Several methods that take into account the population as a whole have been proposed lately. Although they have been widespread used in engineering, this paper investigated how to best apply them in practise. To speed up integration, strike a more consistent balance, and optimise for high quality, researchers must significantly adapt and improve their methodologies, based on fundamental evolutionary processes. Accordingly, this paper proposed a novel hybrid approach based on HGS-AOA.

4. Results and Discussion

4.1 Dataset Description

This paper used COEMR datasets to assess the proposed intelligent diagnosis model and validated its efficacy and generalizability on two benchmark datasets, AAPD and RCV1. Table 1 includes some basic statistics about the datasets that were used in the study. The data filter sum for each filter was 25 in the presentation learning stage. The 0.1 resampling rate was optimal because it applied to multi-label data. With 0.001 learning rate, 32-item batch size, and 0.3 dropout, Adam was used as the optimizer.
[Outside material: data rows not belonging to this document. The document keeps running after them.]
(* Let $\epsilon>0$, $\beta\ge 0$, let $M\ge 4$ be an even integer and $N\ge 3$ an integer, and let $\mathcal A$ be the upwind Shishkin-mesh matrix described in the context. Then all nonzero $(N-1)\times(N-1)$ blocks of $\mathcal A$ (namely $A_H,A,A_h,B_H,B,B_h,C_H,C,C_h$) are nonsingular. Moreover, with respect to the matrix $\infty$-norm, \[ \|A_H^{-1}B_H\|_\infty+\|A_H^{-1}C_H\|_\infty\le 1,\quad \|A^{-1}B\|_\infty+\|A^{-1}C\|_\infty\le 1,\quad \|A_h^{-1}B_h\|_\infty+\|A_h^{-1}C_h\|_\infty\le 1, \] and \[ \|B_HA_H^{-1}\|_\infty+\|C_HA_H^{-1}\|_\infty\le 1,\quad \|B_hA_h^{-1}\|_\infty+\|C_hA_h^{-1}\|_\infty\le 1. \]
   Context: Setting (upwind finite differences on a Shishkin mesh for $-\epsilon\Delta u+u_y+\beta u=f$ on $(0,1)^2$ with Dirichlet data, lexicographic line ordering): let $\tau_y=\min\{1/2,\,2\epsilon\ln M\}$, $H_x=1/N$, $H_y=2(1-\tau_y)/M$, $h_y=2\tau_y/M$, and $m=M/2-1$. Define the scalars $d_H=-\frac{\epsilon}{H_y^2}-\frac1{H_y}$, $d=-\frac{2\epsilon}{H_y(H_y+h_y)}-\frac1{H_y}$, $d_h=-\frac{\epsilon}{h_y^2}-\frac1{h_y}$, $e_H=-\frac{\epsilon}{H_y^2}$, $e=-\frac{2\epsilon}{h_y(H_y+h_y)}$, $e_h=-\frac{\epsilon}{h_y^2}$, and $a_H=\frac{2\epsilon}{H_x^2}+\frac{2\epsilon}{H_y^2}+\frac1{H_y}+\beta$, $a=\frac{2\epsilon}{H_x^2}+\frac{2\epsilon}{H_yh_y}+\frac1{H_y}+\beta$, $a_h=\frac{2\epsilon}{H_x^2}+\frac{2\epsilon}{h_y^2}+\frac1{h_y}+\beta$. With $I$ the identity of size $N-1$, let $C_H=d_HI$, $C=dI$, $C_h=d_hI$, $B_H=e_HI$, $B=eI$, $B_h=e_hI$, and let $A_H$, $A$, $A_h$ be the $(N-1)\times(N-1)$ tridiagonal Toeplitz matrices with off-diagonal entries $-\epsilon/H_x^2$ (both sub- and superdiagonal) and diagonal entries $a_H$, $a$, $a_h$, respectively. Let $\hat A_H$ (resp. $\hat A_h$) be the $m\times m$ block tridiagonal matrix with diagonal blocks $A_H$ (resp. $A_h$), subdiagonal blocks $C_H$ (resp. $C_h$) and superdiagonal blocks $B_H$ (resp. $B_h$). Then $\mathcal A=\begin{bmatrix}\hat A_H & e_m\otimes B_H & 0\\ e_m^{T}\otimes C & A & e_1^{T}\otimes B\\ 0 & e_1\otimes C_h & \hat A_h\end{bmatrix}$ of size $(N-1)(M-1)$, where $e_1,e_m$ are the first and last canonical basis vectors of $\mathbb R^m$ and $\otimes$ is the Kronecker product. *)

theory Defs
  imports "Jordan_Normal_Form.Matrix"
begin

definition tau_y :: "real \<Rightarrow> nat \<Rightarrow> real" where
  "tau_y \<epsilon> M = min (1/2) (2 * \<epsilon> * ln (real M))"
definition H_x :: "nat \<Rightarrow> real" where "H_x N = 1 / real N"
definition H_y :: "real \<Rightarrow> nat \<Rightarrow> real" where "H_y \<epsilon> M = 2 * (1 - tau_y \<epsilon> M) / real M"
definition h_y :: "real \<Rightarrow> nat \<Rightarrow> real" where "h_y \<epsilon> M = 2 * tau_y \<epsilon> M / real M"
COEMR: 24,339 inpatient records were chosen from multiple hospitals for this dataset. Most of EMRs were structured and unstructured text data. Structured data included patient demographics and clinical data, including their age, race/ethnicity, and lab results. Unstructured data included patient statements, hospital records, results of objective tests, and other similar information. Patients’ names, ID numbers, and other identification details were deleted for privacy reasons. The full breakdown of obstetric COEMR is shown in Table 2.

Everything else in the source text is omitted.